Fund managers can unlock the full value of big data by rethinking how the middle office handles it, says Thomas Erichsen of TMF Group Capital Markets Services.
Private equity funds must make better use of the wealth of data they have access to. The sector is around 10 years behind hedge funds in setting up robust middle office functions that create usable data to enhance performance.
The middle office - a compliance and risk management hub - has been in the shadow of the sales-focused front office. However, as more and more data passes through it, the demands placed on the middle office are greater than ever and deserve more attention.
There are more regulatory requirements, including the new Securitisation Regulation and associated criteria for designating certain securitisations as simple, transparent and standardised (STS). There are myriad measures needed for Environmental, Social and Governance (ESG) reporting, daily performance returns, enterprise risk and new client reporting. The middle office must support an increasingly diverse range of asset classes, such as private equity secondaries, which are now generally recognised as a proper asset class.
This increasing flow of unstructured big data, in tandem with heightened investor demand for data governance and quality, is a largely untapped source of value that can be mined to drive operational efficiency and inform better decision making.

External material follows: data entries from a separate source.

lemma interval_partition_cell:
  "interval_partition V E P \<Longrightarrow> p \<in> P \<Longrightarrow> fst p \<subseteq> snd p \<and> snd p \<subseteq> V \<and> indep_set E (snd p)"
  unfolding interval_partition_def by blast

lemma interval_partition_unique:
  "interval_partition V E P \<Longrightarrow> p \<in> P \<Longrightarrow> q \<in> P \<Longrightarrow> G \<in> interval p \<Longrightarrow> G \<in> interval q \<Longrightarrow> p = q"
  unfolding interval_partition_def by blast

lemma interval_partition_cover:
  "interval_partition V E P \<Longrightarrow> G \<subseteq> V \<Longrightarrow> indep_set E G \<Longrightarrow> \<exists>p\<in>P. G \<in> interval p"
  unfolding interval_partition_def by blast

lemma interval_partition_no_edges: "interval_partition V {} {({}, V)}"
  by (auto simp: interval_partition_def indep_set_def)

lemma interval_partition_edge:
  assumes "a \<noteq> b"
  shows "interval_partition {a, b} {{a, b}} {({}, {a}), ({b}, {b})}"
  using assms by (auto simp: interval_partition_def indep_set_def)

text \<open>The independence complex of 2K_2 on a-b, c-d is the 4-cycle a-c-b-d-a; cut it into the
  empty face and four edges, each together with one of its vertices.\<close>
lemma interval_partition_two_edges:
  assumes "distinct [a, b, c, d]"
  shows "interval_partition {a, b, c, d} {{a, b}, {c, d}}
           {({}, {}), ({a}, {a, c}), ({c}, {b, c}), ({b}, {b, d}), ({d}, {a, d})}"
  unfolding interval_partition_def
proof (intro conjI ballI allI impI)
  fix G assume "G \<subseteq> {a, b, c, d}" "indep_set {{a, b}, {c, d}} G"
  then show "\<exists>p\<in>{({}, {}), ({a}, {a, c}), ({c}, {b, c}), ({b}, {b, d}), ({d}, {a, d})}. G \<in> interval p"
    unfolding indep_set_def by (cases "a \<in> G"; cases "b \<in> G"; cases "c \<in> G"; cases "d \<in> G") auto
qed (use assms in \<open>auto simp: indep_set_def\<close>)

definition interval_product ::
  "(nat set \<times> nat set) set \<Rightarrow> (nat set \<times> nat set) set \<Rightarrow> (nat set \<times> nat set) set" where
  "interval_product P Q = (\<lambda>(p, q). (fst p \<union> fst q, snd p \<union> snd q)) ` (P \<times> Q)"

lemma card_fst_interval_product:
  assumes "p \<in> interval_product P Q" "\<forall>q\<in>P. card (fst q) \<le> r" "\<forall>q\<in>Q. card (fst q) \<le> s"
  shows "card (fst p) \<le> r + s"
  using assms card_Un_le unfolding interval_product_def by (fastforce intro: order_trans)

lemma interval_partition_product:
  assumes P: "interval_partition V E P" and Q: "interval_partition W F Q"
    and VW: "V \<inter> W = {}" and EV: "\<forall>e\<in>E. e \<subseteq> V" and FW: "\<forall>e\<in>F. e \<subseteq> W"
  shows "interval_partition (V \<union> W) (E \<union> F) (interval_product P Q)"
proof -
  have indep_Un: "indep_set (E \<union> F) G \<longleftrightarrow> indep_set E (G \<inter> V) \<and> indep_set F (G \<inter> W)" for G
    using EV FW unfolding indep_set_def by (simp add: ball_Un le_inf_iff)
  have split: "G \<in> interval (fst p \<union> fst q, snd p \<union> snd q) \<longleftrightarrow>
      G \<inter> V \<in> interval p \<and> G \<inter> W \<in> interval q \<and> G \<subseteq> V \<union> W" if "p \<in> P" "q \<in> Q" for G p q
    using interval_partition_cell[OF P \<open>p \<in> P\<close>] interval_partition_cell[OF Q \<open>q \<in> Q\<close>] VW
    by auto
  show ?thesis
  proof (rule interval_partitionI)
    show "finite (interval_product P Q)"
      using P Q by (simp add: interval_partition_def interval_product_def)
  next
    fix r assume "r \<in> interval_product P Q"
    then obtain p q where pq: "p \<in> P" "q \<in> Q" "r = (fst p \<union> fst q, snd p \<union> snd q)"
      unfolding interval_product_def by auto
    have "snd r \<inter> V = snd p" "snd r \<inter> W = snd q"
      using interval_partition_cell[OF P pq(1)] interval_partition_cell[OF Q pq(2)] VW pq(3) by auto
    then have "indep_set (E \<union> F) (snd r)"
      using interval_partition_cell[OF P pq(1)] interval_partition_cell[OF Q pq(2)] indep_Un by simp
    then show "fst r \<subseteq> snd r \<and> snd r \<subseteq> V \<union> W \<and> indep_set (E \<union> F) (snd r)"
      using interval_partition_cell[OF P pq(1)] interval_partition_cell[OF Q pq(2)] pq(3) by auto
  next
    fix r r' G assume "r \<in> interval_product P Q" "r' \<in> interval_product P Q"
      and G: "G \<in> interval r" "G \<in> interval r'"
    then obtain p q p' q' where pq: "p \<in> P" "q \<in> Q" "r = (fst p \<union> fst q, snd p \<union> snd q)"
      and pq': "p' \<in> P" "q' \<in> Q" "r' = (fst p' \<union> fst q', snd p' \<union> snd q')"
      unfolding interval_product_def by auto
    have "G \<inter> V \<in> interval p" "G \<inter> V \<in> interval p'" "G \<inter> W \<in> interval q" "G \<inter> W \<in> interval q'"
      using G split pq pq' by auto
    then have "p = p'" "q = q'"
      using interval_partition_unique[OF P pq(1) pq'(1)] interval_partition_unique[OF Q pq(2) pq'(2)]
      by blast+
    then show "r = r'" using pq(3) pq'(3) by simp
  next
    fix G assume G: "G \<subseteq> V \<union> W" "indep_set (E \<union> F) G"
    then obtain p q where "p \<in> P" "G \<inter> V \<in> interval p" "q \<in> Q" "G \<inter> W \<in> interval q"
      using interval_partition_cover[OF P, of "G \<inter> V"] interval_partition_cover[OF Q, of "G \<inter> W"]
        indep_Un by auto
    moreover have "(fst p \<union> fst q, snd p \<union> snd q) \<in> interval_product P Q"
      using \<open>p \<in> P\<close> \<open>q \<in> Q\<close> unfolding interval_product_def by force
    ultimately show "\<exists>r\<in>interval_product P Q. G \<in> interval r"
      using split G(1) by blast
  qed
qed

At the recent British Private Equity and Venture Capital Association (BVCA) Summit, I moderated a roundtable discussion that examined changing fund manager behaviours. It seems that many are unable to take advantage of big data because of time constraints and other pressures and because their data is not properly organised, archived and retrievable. In short, it's not usable.
Fund managers, therefore, need to think beyond big data and consider the role of curated data which has been carefully aggregated, organised or enriched through additional third-party data. Curated data includes base data transformed through models to create various kinds of risk management and performance metrics and analysis. This can include portfolio holdings and exposure information, risk management statistics like Value at Risk (VaR), stress tests and performance calculations.
Curated data is slowly beginning to have an impact on the industry. A survey conducted by Greenwich Associates on behalf of IHS Markit polled more than 40 investment specialists. Some 74 per cent said that alternative data was starting to have a bigger impact on institutional investing.
In the coming years, good curated data will become more and more essential for underpinning sound investment strategies and risk management while feeding robust internal and external reporting, especially as regulators become more demanding. To make curated data truly useful and actionable, forward-looking fund managers should seek to implement the appropriate processes, controls and governance that builds up their data integrity.